Обосновалась свора на краю села, на лесопилке, под пилорамой, в тёплых опилках. Спали прижавшись друг к дружке, до прихода мужиков исчезая на просторы таёжного поселка, с единственной целью, — выжить! То есть, найти чего- нибудь погрызть, похлебать, проглотить. Когда поджимали морозы, свора перемечалась туда, где было хоть чуть-чуть потеплее. Со временем собачья команда заимела друга, в лице повара с леспромхозовской столовой.

Однажды женщина, молоденькая повар, увидела их многочисленные голодные глаза перед порогом столовой. Собаки лежали на снегу, и смотрели на дверь, на неё, словно знали, что здесь обязательно помогут. Наперекор тогда пошла женщина своей ушлой сменщицы, что держала в частном доме себе хрюшек, — бездомным вывалив все вкусные отходы, с того времени заработав себе неуступчивого врага на работе.

Которая с угрозой тогда крикнула ей, уже поняв, что сердобольная молодуха навсегда взяла собак на своё сердечное и «отходное» содержание: «Корми-корми… — я сыну скажу, он всех твоих дворняг в раз постреляет» И стрелял подлец, двум несчастным душам оборвав жизнь. Гордый быстро выучил урок, стараясь избегать людей с оружием.
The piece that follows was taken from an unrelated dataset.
(* Fix $\alpha\in(0,\tfrac12)$ and run Algorithm 2 (described in the context) with parameter $\alpha$ on any instance of dynamic bin packing with $n$ items. Then the algorithm makes at most $\frac{4\alpha}{1-2\alpha}\cdot n$ migrations.
   Context: Dynamic bin packing: bins have capacity $1$; items arrive online at times $a_i\ge0$ with size $s_i\in[0,1]$ and (unknown at arrival) duration $d_i>0$, and depart at $a_i+d_i$. The load of a bin is the total size of its items; a bin is open while nonempty. A migration is a move of one already placed item to a different bin. FirstFit with a given ordering of bins places an item into the first bin in the order with enough remaining capacity, or opens a new bin. Algorithm 1 (parameters $\alpha, f$): each bin is labeled Bad or Good. When an item $i$ of size $s_i$ arrives: if there is a Bad bin with load $\le 1-s_i$, put $i$ there, and if its load becomes $\ge f$ relabel it Good; otherwise, if there is a Good bin with load $\le1-s_i$, put $i$ into any such bin; otherwise open a new bin for $i$, labeled Bad if its load is $<f$ and Good otherwise. When an item departs: if its bin was Good and now has load $<\alpha$, migrate all items remaining in that bin using FirstFit with bins ordered Bad bins, then Good bins, then new bins. Algorithm 2 (parameter $\alpha$): an item has class $c\in\{0,1,2,\dots\}$ if its size lies in $(2^{-(c+1)},2^{-c}]$. Initialize a guess $\tilde\rho=1$, an instance of Algorithm 1 for class $0$ with parameters $(\alpha,\tfrac12)$, and one junk bin. For each arriving item: if the current number of items in the system is $\ge\tilde\rho$, double $\tilde\rho$, initialize a new instance of Algorithm 1 for class $c=\log_2\tilde\rho$ with parameters $(\alpha,1-2^{-c})$, and open a new junk bin for this guess. Then, if the item's class $c$ satisfies $c<\log_2\tilde\rho$, assign it using the Algorithm 1 instance for class $c$ (each instance uses its own bins); otherwise assign it to the junk bin of the current guess $\tilde\rho$. *)

theory Defs
  imports Complex_Main
begin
Однажды, вдруг оживился посёлок, направив технику на край посёлка. Задвигались механизмы, медлительные катки и люди с лопатами, пилами и молотками, выверенным трудом отвоевав у леса ровненький участок земли. Закатав его, и технично облагородив, стал ждать с неба дорогих гостей.

***

Гордый, лежал у школы, как всегда задумчиво наблюдая через щёрбатый штакетник за шумными детьми. Многие давно подметили... пёс любил одиноко, без своих подчинённых, созерцать за игривым школьным народом, покоя морду на лохматых лапах, прижавшись к холодной земле. Иным казалось, многим думалось… возможно он среди детворы вырос, скучающими глазами рассматривая шаловливую малышню, никогда не решаясь приблизиться.

Вдруг застрекотало небо, мягким милым звуком оповещая округу, что в эти края навсегда поселяется «малая» авиация. Пёс вскочил… вскинул морду, задвигал ушами, устремляясь расширенными глазами ввысь.
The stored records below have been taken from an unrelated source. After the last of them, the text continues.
lemma expected_utility_Suc_ge:
  assumes pp: "p phi > 0" and tk: "t < k"
  shows "(1 - rate) * expected_utility phi t + rate * OPT \<le> expected_utility phi (Suc t)"
proof -
  define B where "B = Max (range (\<lambda>S. f S phi))"
  have f_le: "\<bar>f S phi\<bar> \<le> B" for S unfolding B_def by (rule abs_f_le_Max)
  define gain where "gain psi = measure_pmf.expectation (pmf_of_set (candidates psi t))
      (\<lambda>H. f (insert (sel H psi) (dom psi)) phi)" for psi
  have gain_le: "\<bar>gain psi\<bar> \<le> B" for psi
    using expectation_bounded[of "\<lambda>H. f (insert (sel H psi) (dom psi)) phi" B] f_nonneg f_le
    unfolding gain_def by (simp add: abs_le_iff)
  have affine_le: "\<bar>(1 - rate) * f S phi + rate * OPT\<bar> \<le> B + \<bar>rate * OPT\<bar>" for S
  proof -
    have "\<bar>(1 - rate) * f S phi\<bar> \<le> \<bar>f S phi\<bar>"
      using rate_bounds mult_left_le_one_le[of "\<bar>f S phi\<bar>" "1 - rate"] by (simp add: abs_mult)
    then show ?thesis using f_le[of S] abs_triangle_ineq[of "(1 - rate) * f S phi" "rate * OPT"]
      by (smt (verit))
  qed
  have "(1 - rate) * expected_utility phi t + rate * OPT
      = measure_pmf.expectation (greedy_run sel (greedy_size CARD('e) k eps) phi t)
          (\<lambda>y. (1 - rate) * f (dom (fst y)) phi + rate * OPT)"
    unfolding expected_utility_def by (rule expectation_affine_bounded[OF f_le, symmetric])
  also have "\<dots> \<le> measure_pmf.expectation (greedy_run sel (greedy_size CARD('e) k eps) phi t)
      (\<lambda>y. gain (fst y))"
  proof (rule expectation_mono_on_support[OF _ affine_le gain_le])
    fix y assume "y \<in> set_pmf (greedy_run sel (greedy_size CARD('e) k eps) phi t)"
    then have "consistent phi (fst y)" "card (dom (fst y)) = t"
      using greedy_run_invariant[OF pp less_imp_le[OF tk]] by auto
    from expected_gain_ge[OF pp this tk]
    show "(1 - rate) * f (dom (fst y)) phi + rate * OPT \<le> gain (fst y)"
      unfolding gain_def by (simp add: algebra_simps)
  qed
  also have "\<dots> = expected_utility phi (Suc t)"
    unfolding expected_utility_def greedy_run_Suc
    by (simp add: expectation_bind_pmf_bounded[where B=B] f_le gain_def split_beta)
  finally show ?thesis .
qed

lemma optimum_gap_le_power:
  assumes pp: "p phi > 0"
  shows "t \<le> k \<Longrightarrow> OPT - expected_utility phi t \<le> (1 - rate) ^ t * (OPT - f {} phi)"
proof (induction t)
  case 0
  then show ?case by (simp add: expected_utility_def)
next
  case (Suc t)
  have "OPT - expected_utility phi (Suc t) \<le> (1 - rate) * (OPT - expected_utility phi t)"
    using expected_utility_Suc_ge[OF pp, of t] Suc.prems by (simp add: algebra_simps)
  also have "\<dots> \<le> (1 - rate) * ((1 - rate) ^ t * (OPT - f {} phi))"
    using Suc rate_bounds by (intro mult_left_mono) auto
  finally show ?case by simp
qed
На снижение шёл Ан-2, слегка качаясь на холодном воздухе, сверкая бортовым новеньким номером и большой красной звездой на хвосте. Метис словно вернулся в счастливое прошлое… — вскочил, и помчался на глазах школьников, дворника и учителей, куда-то туда, куда плавно снижаясь, парил кукурузник — первый воздушный извозчик страны.
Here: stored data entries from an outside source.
text \<open>The separation axiom halves an entourage: split each far pair (A, B) along a set C
  with A far from C and X - C far from B.\<close>
lemma far_pairs_off_rects_comp:
  assumes qp: "quasi_proximity X \<delta>" and F: "far_pairs X \<delta> F"
  shows "\<exists>G. far_pairs X \<delta> G \<and> off_rects X G O off_rects X G \<subseteq> off_rects X F"
proof -
  have "\<exists>C. C \<subseteq> X \<and> \<not> \<delta> A C \<and> \<not> \<delta> (X - C) B" if "(A, B) \<in> F" for A B
    using far_pairsD[OF F that] qp_sep[OF qp] by blast
  then obtain c where c: "\<And>A B. (A, B) \<in> F \<Longrightarrow> c A B \<subseteq> X \<and> \<not> \<delta> A (c A B) \<and> \<not> \<delta> (X - c A B) B"
    by metis
  define G where "G = (\<lambda>(A, B). (A, c A B)) ` F \<union> (\<lambda>(A, B). (X - c A B, B)) ` F"
  have "A' \<subseteq> X \<and> B' \<subseteq> X \<and> \<not> \<delta> A' B'" if "(A', B') \<in> G" for A' B'
  proof -
    obtain A B where AB: "(A, B) \<in> F"
      and "(A', B') = (A, c A B) \<or> (A', B') = (X - c A B, B)"
      using \<open>(A', B') \<in> G\<close> unfolding G_def by auto
    thus ?thesis using far_pairsD[OF F AB] c[OF AB] by auto
  qed
  moreover have "finite G" using F by (simp add: far_pairs_def G_def)
  ultimately have "far_pairs X \<delta> G" by (auto simp: far_pairs_def)
  moreover have "off_rects X G O off_rects X G \<subseteq> off_rects X F"
  proof (rule subrelI)
    fix x z assume "(x, z) \<in> off_rects X G O off_rects X G"
    then obtain y where xy: "(x, y) \<in> off_rects X G" and yz: "(y, z) \<in> off_rects X G" by blast
    show "(x, z) \<in> off_rects X F"
    proof (rule ccontr)
      assume "(x, z) \<notin> off_rects X F"
      moreover have "x \<in> X" "y \<in> X" "z \<in> X" using xy yz off_rects_subset by blast+
      ultimately obtain A B where AB: "(A, B) \<in> F" "x \<in> A" "z \<in> B"
        using off_rectsI[of x X z F] by blast
      have G: "(A, c A B) \<in> G" "(X - c A B, B) \<in> G" using AB(1) by (auto simp: G_def)
      show False
      proof (cases "y \<in> c A B")
        case True
        thus False using off_rects_notin_rect[OF G(1) xy] AB(2) by blast
      next
        case False
        thus False using off_rects_notin_rect[OF G(2) yz] AB(3) \<open>y \<in> X\<close> by blast
      qed
    qed
  qed
  ultimately show ?thesis by blast
qed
Встречный народ бросал дела, останавливался, прекращал разговоры, уступая мчащемуся мощному шерстяному тарану. Гордый, гордым ветром изо всех сил спешил, летел туда, где уже плюхнулась на брюшко, на шасси, маленькая жужжащая летательная машинка, прямо в объятие народа, праздника, и шумного оркестра, рождающего звуки восхваления: «Наконец-то сбылось!»

Зверь, со всей прыти устремился к самолёту, к пилоту, к другу… Но чем меньше оставалась метров, расстояния… он уже понимал… это не его любимая железная птица, с серебристым брюшком, с изогнутыми под углом крылышками. Эта какая-то зелёная… растопыренная, с расчалочными крыльями, скорей похожа на большого задумчивого майского жука.

И машины хозяин, — лётчик, не так смеётся… в унтах, тюфяком взлетая в воздух, возвращаясь на руки радостного народа. Но Гордый под впечатлением ожившего неба, точно пьяный от радости, минуя все кордоны, влетел в толпу, на поле всеобщей радости и чужого праздника, готовый к ласкам и доброму свету из счастливых глаз. Как вдруг! «А это что ещё за зверь!? — громко рыкнул злой какой-то человек-распорядитель, — а ну его немедленно с поля!»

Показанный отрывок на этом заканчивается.